The last two days we saw the Turkish Prime Minister in Helsinki which actually marks the first visit of a Turkish prime minister to the Finnish capital the last thirty-two years; actually it marks the Turkish desperation for allies especially after the latest EU decision for direct trade with Northern Cyprus. Friends and allies is something Turkey needs in Europe and things lately don’t help. Merkel had often targeted the Turkish minority in Germany and she was the first to talk about a non member relationship with privileges something that the Turks strongly reject. France had never been a strong Turkish membership supporter and Sarkozy is following Chirac’s policy regarding Turkey, keep them in the hall way for the eternity.

Belgium, Holland and Denmark have changed a lot the last few years and with Austria in the club they don’t feel comfortable with a Turkish membership mainly scared of the waves of Turks that might decide that an EU passport opens new possibilities in countries that have already problem with immigration. In Italy it is Berlusconi but when you have Berlusconi for an ally you don’t need foes and Britain has always been an ally due to purely geopolitical reasons and not because they really feel as allies. After all Britain keeping away from the Maastricht treaty has made sure that not all the EU laws including immigrants movement applies in British soil. So for Cameron and every British government the last thirty years help to Turkey is just another diplomacy game.

The easts European have been always suspicious to a Turkish membership and that’s why Turkish diplomacy has kept diplomatically away from them. Some of them have still alive memories from the Ottoman Empire period and they find it difficult to forget. Spaniards and Portuguese are positive but the same time is in stand by motion waiting to see how the northerners will react. For most of them Turkey looked very attractive the last three decades as the hundred million people market but then two things made them more careful, first of all the political situation with the army in a very dark role often making things very complicate for trade and then the real trade market of the Turkish people who doesn’t seem to be in the levels of other nations even African or south American.

Oddly what is left to the Turks is Greece – which is not exactly an encouraging sign – and the Greek support depends a lot in the Turkish behaviour to a series of issues including the disputes in the Aegean sea and of course the Cyprus issue. And of course the other possible allies in the effect for a membership are the Scandinavians; but here the problems have a different dimension. Sweden traditionally has been very sensitive to human rights issues and the Turkish record regarding human rights is probably Europe’s worst by far. Finland from the other side is more flexible, without having a critical vote in the EU decision making centres can be a good ally as long Finnish products – including army products – find their way in the Turkish market and in the situation Turkey’s membership has fallen at the moment any ally is a good ally and a visit of a Turkish Prime minister the first after thirty-two years is worth its money. At least here in Finland Erdogan knows that he will face some soft criticism but mostly he will find a friendly solder to cry and complain that despite all his effects the other Europeans don’t seem to appreciate him and his country.

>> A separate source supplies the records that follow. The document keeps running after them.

lemma stp_delta_one_plus_swap:
  fixes V :: "real mat"
  assumes k: "0 < k" and V: "V \<in> carrier_mat 1 (k ^ (p + q + 3))" and s: "s \<in> {1..k}"
  defines "M \<equiv> stp (stp V (delta k s))
    (1\<^sub>m (k ^ (p + q + 2)) + kron (stp (swap_mat (k ^ (p + 1)) k) (swap_mat k (k ^ p))) (1\<^sub>m (k ^ q)))"
  shows "M \<in> carrier_mat 1 (k ^ (p + q + 2))"
    and "\<lbrakk>length ys = p; length zs = q; set (b # ys @ [d] @ zs) \<subseteq> {1..k}\<rbrakk> \<Longrightarrow>
      M $$ (0, lex_index k (b # ys @ [d] @ zs)) =
        V $$ (0, lex_index k (s # b # ys @ [d] @ zs)) + V $$ (0, lex_index k (s # d # ys @ [b] @ zs))"
proof -
  let ?K = "k ^ (p + q + 2)"
  define P where "P = kron_index (k ^ q) (swap_index (k ^ (p + 1)) k \<circ> kron_index k (swap_index k (k ^ p)))"
  have K: "0 < ?K" using k by simp
  have "p + q + 3 = Suc (p + q + 2)" by simp
  then have "V \<in> carrier_mat 1 (k * ?K)" using V by (simp only: power_Suc)
  note R = stp_delta[OF this s K]
  define R where "R = stp V (delta k s)"
  have RK: "R \<in> carrier_mat 1 ?K" using R(1) by (simp add: R_def)
  have LK: "k ^ (p + 2) * k ^ q = ?K" by (simp add: power_add algebra_simps)
  have "M = stp R (1\<^sub>m ?K + sel_mat ?K ?K P)"
    unfolding M_def R_def stp_swap_swap_eq_sel_mat[OF k] kron_sel_mat_one[OF zero_less_power[OF k]] LK P_def ..
  also have "\<dots> = R * (1\<^sub>m ?K + sel_mat ?K ?K P)"
    by (rule stp_eq_mult) (use RK K in simp_all)
  also have "\<dots> = R * 1\<^sub>m ?K + R * sel_mat ?K ?K P"
    by (rule mult_add_distrib_mat[OF RK]) auto
  finally have M: "M = R + R * sel_mat ?K ?K P"
    using RK by simp
  then show "M \<in> carrier_mat 1 ?K" using RK by simp
  assume lens: "length ys = p" "length zs = q" and xs: "set (b # ys @ [d] @ zs) \<subseteq> {1..k}"
  then have ys: "set ys \<subseteq> {1..k}" and zs: "set zs \<subseteq> {1..k}" and b: "b \<in> {1..k}" and d: "d \<in> {1..k}"
    by auto
  let ?x = "lex_index k (b # ys @ [d] @ zs)"
  have "set (b # ys @ [d]) \<subseteq> {1..k}" using xs by auto
  from swap_kron_swap_index_lex_index[OF lens(1) this]
  have "P ?x = lex_index k (d # ys @ [b]) * k ^ q + lex_index k zs"
    using kron_index_lex_index[OF zs, of _ "b # ys @ [d]"] lens unfolding P_def by simp
  also have "\<dots> = lex_index k (d # ys @ [b] @ zs)"
    using lens by (simp add: lex_index_append algebra_simps power_add)
  finally have x: "P ?x = lex_index k (d # ys @ [b] @ zs)" .
  have lt: "?x < ?K"
    using lex_index_less[OF xs] lens by simp
  have Plt: "P ?x < ?K"
    unfolding x using lex_index_less[of "d # ys @ [b] @ zs" k] ys zs b d lens by simp
  have "M $$ (0, ?x) = R $$ (0, ?x) + R $$ (0, P ?x)"
    unfolding M using RK lt index_mult_sel_mat[where f = P, OF RK lt Plt] by simp
  also have "\<dots> = V $$ (0, lex_index k (s # b # ys @ [d] @ zs)) + V $$ (0, lex_index k (s # d # ys @ [b] @ zs))"
    using R(2)[OF lt] R(2)[OF Plt] lens unfolding R_def x by simp
  finally show "M $$ (0, ?x) =
      V $$ (0, lex_index k (s # b # ys @ [d] @ zs)) + V $$ (0, lex_index k (s # d # ys @ [b] @ zs))" .
qed

lemma upt_split3:
  assumes "a < b" "b \<le> m"
  shows "[a..<m+1] = a # [a+1..<b] @ [b] @ [b+1..<m+1]"
proof -
  have "[a..<m+1] = [a..<b] @ [b..<m+1]"
    using assms upt_add_eq_append[of a b "m + 1 - b"] by simp
  also have "[a..<b] = a # [a+1..<b]" using assms upt_conv_Cons by simp
  also have "[b..<m+1] = b # [b+1..<m+1]" using assms upt_conv_Cons by simp
  finally show ?thesis by simp
qed

lemma map_comp_transpose_upt:
  assumes "a < b" "b \<le> m"
  shows "map (x \<circ> Transposition.transpose a b) [a..<m+1]
    = x b # map x [a+1..<b] @ [x a] @ map x [b+1..<m+1]"
proof -
  have "map (x \<circ> Transposition.transpose a b) [a+1..<b] = map x [a+1..<b]"
    by (rule map_cong) auto
  moreover have "map (x \<circ> Transposition.transpose a b) [b+1..<m+1] = map x [b+1..<m+1]"
    by (rule map_cong) (use assms in auto)
  ultimately show ?thesis unfolding upt_split3[OF assms] by simp
qed

lemma upt_1_eq_Cons:
  assumes "1 \<le> n"
  shows "[1..<n+1] = 1 # [2..<n+1]"
  using upt_conv_Cons[of 1 "n+1"] assms by (simp del: upt_Suc add: numeral_2_eq_2)

lemma stp_swap_swap_profile_index:
  fixes V :: "real mat"
  assumes k: "0 < k" and i: "i \<in> {2..n}" and V: "V \<in> carrier_mat 1 (k ^ n)"
    and x: "x \<in> profiles n k"
  shows "stp (stp V (swap_mat (k ^ (i - 2)) k)) (swap_mat k (k ^ (i - 1))) $$ (0, profile_index n k x)
    = V $$ (0, profile_index n k (x \<circ> Transposition.transpose 1 i))"
proof -
  define ys where "ys = map x [2..<i]"
  define zs where "zs = map x [i+1..<n+1]"
  have e: "i - 2 + (n - i) + 2 = n" "i - 2 + 1 = i - 1" and i1: "1 < i" "i \<le> n"
    using i by auto
  have V': "V \<in> carrier_mat 1 (k ^ (i - 2 + (n - i) + 2))" using V unfolding e .
  have l1: "map x [1..<n+1] = x 1 # ys @ [x i] @ zs"
    unfolding ys_def zs_def upt_split3[OF i1, unfolded one_add_one] by (simp only: list.map map_append)
  have l2: "map (x \<circ> Transposition.transpose 1 i) [1..<n+1] = x i # ys @ [x 1] @ zs"
    unfolding ys_def zs_def by (rule map_comp_transpose_upt[OF i1, unfolded one_add_one])
  have "length ys = i - 2" "length zs = n - i"
    by (simp_all add: ys_def zs_def del: upt_Suc)
  moreover have "set (x 1 # ys @ [x i] @ zs) \<subseteq> {1..k}"
    using set_map_profile[OF x] unfolding l1 .
  ultimately show ?thesis
    unfolding profile_index_def l1 l2 using stp_swap_swap(2)[OF k V'] unfolding e(2) by blast
qed

lemma neg_stp_swap_swap_eq_iff:
  fixes V W :: "real mat"
  assumes k: "0 < k" and i: "i \<in> {2..n}"
    and V: "V \<in> carrier_mat 1 (k ^ n)" and W: "W \<in> carrier_mat 1 (k ^ n)"
  shows "W = - stp (stp V (swap_mat (k ^ (i - 2)) k)) (swap_mat k (k ^ (i - 1))) \<longleftrightarrow>
    (\<forall>x\<in>profiles n k. W $$ (0, profile_index n k x)
       = - V $$ (0, profile_index n k (x \<circ> Transposition.transpose 1 i)))"
proof -
  let ?M = "stp (stp V (swap_mat (k ^ (i - 2)) k)) (swap_mat k (k ^ (i - 1)))"
  have e: "i - 2 + (n - i) + 2 = n" "i - 2 + 1 = i - 1" using i by auto
  have "V \<in> carrier_mat 1 (k ^ (i - 2 + (n - i) + 2))" using V unfolding e .
  from stp_swap_swap(1)[OF k this] have M: "?M \<in> carrier_mat 1 (k ^ n)"
    unfolding e .
  show ?thesis
    using row_eq_iff_profile_index[OF W, of "- ?M"] M profile_index_less
      stp_swap_swap_profile_index[OF k i V] by simp
qed

lemma profile_tail_surj:
  assumes "j < k ^ (n - 1)" "s \<in> {1..k}" "1 \<le> n"
  obtains x where "x \<in> profiles n k" "x 1 = s" "lex_index k (map x [2..<n+1]) = j"
proof -
  obtain xs where xs: "length xs = n - 1" "set xs \<subseteq> {1..k}" "lex_index k xs = j"
    using lex_index_surj[OF assms(1)] .
  then obtain x where "x \<in> profiles n k" "map x [1..<n+1] = s # xs"
    using profile_of_list[of "s # xs" n k] assms by auto
  then show ?thesis using that xs upt_1_eq_Cons[OF assms(3)] by simp
qed

lemma profile_tail_less:
  assumes "x \<in> profiles n k" "1 \<le> n"
  shows "lex_index k (map x [2..<n+1]) < k ^ (n - 1)"
proof -
  have "set (map x [2..<n+1]) \<subseteq> {1..k}"
    using set_map_profile[OF assms(1)] unfolding upt_1_eq_Cons[OF assms(2)] by (simp del: upt_Suc)
  from lex_index_less[OF this] show ?thesis by (simp del: upt_Suc)
qed

lemma row_eq_0_iff_profile_tails:
  fixes R :: "real mat"
  assumes R: "R \<in> carrier_mat 1 (k ^ (n - 1))" and s: "s \<in> {1..k}" and n: "1 \<le> n"
  shows "R = 0\<^sub>m 1 (k ^ (n - 1)) \<longleftrightarrow>
    (\<forall>x\<in>profiles n k. x 1 = s \<longrightarrow> R $$ (0, lex_index k (map x [2..<n+1])) = 0)"
proof (intro iffI ballI impI)
  fix x assume "R = 0\<^sub>m 1 (k ^ (n - 1))" "x \<in> profiles n k"
  then show "R $$ (0, lex_index k (map x [2..<n+1])) = 0"
    using profile_tail_less[OF _ n] by simp
next
  assume zero: "\<forall>x\<in>profiles n k. x 1 = s \<longrightarrow> R $$ (0, lex_index k (map x [2..<n+1])) = 0"
  show "R = 0\<^sub>m 1 (k ^ (n - 1))"
  proof (rule eq_matI)
    fix r j assume "r < dim_row (0\<^sub>m 1 (k ^ (n - 1)) :: real mat)"
      "j < dim_col (0\<^sub>m 1 (k ^ (n - 1)) :: real mat)"
    then have "r = 0" "j < k ^ (n - 1)" by auto
    moreover obtain x where "x \<in> profiles n k" "x 1 = s" "lex_index k (map x [2..<n+1]) = j"
      using profile_tail_surj[OF \<open>j < k ^ (n - 1)\<close> s n] .
    ultimately show "R $$ (r, j) = (0\<^sub>m 1 (k ^ (n - 1)) :: real mat) $$ (r, j)"
      using zero by auto
  qed (use R in auto)
qed

lemma stp_delta_one_plus_swap_profile_tail:
  fixes V :: "real mat"
  assumes k: "0 < k" and i: "i \<in> {3..n}" and V: "V \<in> carrier_mat 1 (k ^ n)"
    and x: "x \<in> profiles n k"
  shows "stp (stp V (delta k (x 1)))
      (1\<^sub>m (k ^ (n - 1)) +
       kron (stp (swap_mat (k ^ (i - 2)) k) (swap_mat k (k ^ (i - 3)))) (1\<^sub>m (k ^ (n - i))))
      $$ (0, lex_index k (map x [2..<n+1]))
    = V $$ (0, profile_index n k x) + V $$ (0, profile_index n k (x \<circ> Transposition.transpose 2 i))"
proof -
  define ys where "ys = map x [3..<i]"
  define zs where "zs = map x [i+1..<n+1]"
  have e: "i - 3 + (n - i) + 3 = n" "i - 3 + (n - i) + 2 = n - 1" "i - 3 + 1 = i - 2"
    and i2: "2 < i" "i \<le> n" and t3: "(2::nat) + 1 = 3" using i by auto
  have V': "V \<in> carrier_mat 1 (k ^ (i - 3 + (n - i) + 3))" using V unfolding e .
  have upt: "[1..<n+1] = 1 # [2..<n+1]" using i upt_1_eq_Cons by simp
  have l1: "map x [2..<n+1] = x 2 # ys @ [x i] @ zs"
    unfolding ys_def zs_def upt_split3[OF i2, unfolded t3] by (simp only: list.map map_append)
  have l2: "map (x \<circ> Transposition.transpose 2 i) [2..<n+1] = x i # ys @ [x 2] @ zs"
    unfolding ys_def zs_def by (rule map_comp_transpose_upt[OF i2, unfolded t3])
  have x1: "(x \<circ> Transposition.transpose 2 i) 1 = x 1"
    using i by (simp add: transpose_apply_other)
  have "set (x 1 # x 2 # ys @ [x i] @ zs) \<subseteq> {1..k}"
    using set_map_profile[OF x] unfolding upt list.map l1 .
  then have s: "x 1 \<in> {1..k}" and xs: "set (x 2 # ys @ [x i] @ zs) \<subseteq> {1..k}"
    by (simp_all only: list.set(2) insert_subset)
  have lens: "length ys = i - 3" "length zs = n - i"
    by (simp_all add: ys_def zs_def del: upt_Suc)
  show ?thesis
    using stp_delta_one_plus_swap(2)[OF k V' s lens xs]
    unfolding e profile_index_def upt list.map l1 l2 x1 .
qed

The truth is that under the rule of Recep Tayyip Erdogan a lot of things have change in Turkey and hopefully after the latest referendum to do the necessary constitutional changes much more will change; furthermore a victory at the coming election for the Turkish parliament will establish Erdogan as the man who brought Turkey to the 21st century. This is great for the Turkish republic and the Turkish people but it is not enough for an EU membership, and they might satisfy the geopolitical margins of the British government but they will never suppression the fears of the British, French, German public and the British, French and German elect the governments and whatever we say politicians take in serious account public opinion. So Turkey has a long way before persuading the European public that they can be EU members.

And then it is the Cypriot thorn. Leaving apart that there was an invasion and there is an occupation in European soil leaving Europeans numb in front of the problem, Turkey has complicate the situation as much Israel complicated the situation in the Gaza strip the last three decades. Since 1974 nearly a hundred thousands settlers have moved from the further east and poorest sides of Turkey armed with a lot of nationalism, plenty of money and endless promises for life in paradise to Northern Cyprus. These people were moved there to establish a new reality and they have creating more problems to Turkey than to any other in long term. Most of them already second generation enjoying the endless funding and support from mother Turkey soppy from a blind chauvinism are not willing to do any compromises creating problems not only to the negotiations for a united Cyprus but also to the Turkish minority that lived in Cyprus for centuries since suddenly they reduce the real minority into a second class citizens.

Of course there negotiations under the observation and supervise of the United Nations for a united Cyprus and these negotiations go on for the last thirty years but that doesn’t change the fact that there is a Turkish occupation army in Cyprus, a nation full member in European Union with veto in the Turkish candidacy for membership. So what is northern Cyprus? Part of a country member or a foreign soil inside Europe? Very correctly the EU decided that in trade relations with northern Cyprus they cannot follow procedures of direct trading but doing it through the legal and EU member Cypriot government. Another pressure for Erdogan who sees the small island, a group of settlers, blind chauvinism and mistakes of the past becoming the brakes of Turkish European ambitions.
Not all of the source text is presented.